- _MATERIAL SHOWN_
(* Let $D$ be a division ring. Then the only partial ideals of $D$ are $0$ and $D$.
   Context: For a ring $R$, a partial ideal is a subset $I\subseteq R$ such that for all $a,b\in R$ with $ab=ba$: if $a,b\in I$ then $a+b\in I$, and if $b\in I$ then $ab\in I$. *)

theory Defs
  imports Main
begin

text \<open>Nonemptiness is required (as for ideals); otherwise the empty set would be a counterexample.\<close>
definition partial_ideal :: "'a::ring set \<Rightarrow> bool" where
  "partial_ideal I \<longleftrightarrow> I \<noteq> {} \<and>
     (\<forall>a b. a * b = b * a \<longrightarrow>
        ((a \<in> I \<and> b \<in> I \<longrightarrow> a + b \<in> I) \<and> (b \<in> I \<longrightarrow> a * b \<in> I)))"

end

theory Submission
  imports Defs
begin

text \<open>Every element commutes with 1, so a partial ideal containing 1 contains everything;
  in a division ring a nonzero member b yields 1 = b\<inverse> b, as b\<inverse> commutes with b.\<close>

lemma partial_ideal_mult_closed:
  assumes "partial_ideal I" and "a * b = b * a" and "b \<in> I"
  shows "a * b \<in> I"
  using assms unfolding partial_ideal_def by blast

lemma partial_ideal_zero:
  assumes "partial_ideal I"
  shows "0 \<in> I"
proof -
  obtain c where "c \<in> I"
    using assms unfolding partial_ideal_def by blast
  then show ?thesis
    using partial_ideal_mult_closed [OF assms, of 0 c] by simp
qed

lemma partial_ideal_one_imp_UNIV:
  fixes I :: "'a::ring_1 set"
  assumes "partial_ideal I" and "1 \<in> I"
  shows "I = UNIV"
proof -
  have "a \<in> I" for a
    using partial_ideal_mult_closed [OF assms(1), of a 1] assms(2) by simp
  then show ?thesis by blast
qed

lemma partial_ideal_nonzero_imp_one:
  fixes I :: "'a::division_ring set"
  assumes "partial_ideal I" and "b \<in> I" and "b \<noteq> 0"
  shows "1 \<in> I"
proof -
  have "inverse b * b = b * inverse b"
    using \<open>b \<noteq> 0\<close> by simp
  then have "inverse b * b \<in> I"
    using partial_ideal_mult_closed [OF assms(1)] \<open>b \<in> I\<close> by blast
  then show ?thesis
    using \<open>b \<noteq> 0\<close> by simp
qed

theorem proposition2p7:
  fixes I :: "'a::division_ring set"
  assumes "partial_ideal I"
  shows "I = {0} \<or> I = UNIV"
proof (cases "I \<subseteq> {0}")
  case True
  then show ?thesis
    using partial_ideal_zero [OF assms] by blast
next
  case False
  then obtain b where "b \<in> I" and "b \<noteq> 0"
    by blast
  then have "1 \<in> I"
    using partial_ideal_nonzero_imp_one [OF assms] by blast
  then show ?thesis
    using partial_ideal_one_imp_UNIV [OF assms] by blast
qed

end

- _PROBLEM DETAILS_
Filter the entries by the string "with" and copy each matching line.

- _ANSWER TO THE PROBLEM_
   Context: For a ring $R$, a partial ideal is a subset $I\subseteq R$ such that for all $a,b\in R$ with $ab=ba$: if $a,b\in I$ then $a+b\in I$, and if $b\in I$ then $ab\in I$. *)
text \<open>Every element commutes with 1, so a partial ideal containing 1 contains everything;
  in a division ring a nonzero member b yields 1 = b\<inverse> b, as b\<inverse> commutes with b.\<close>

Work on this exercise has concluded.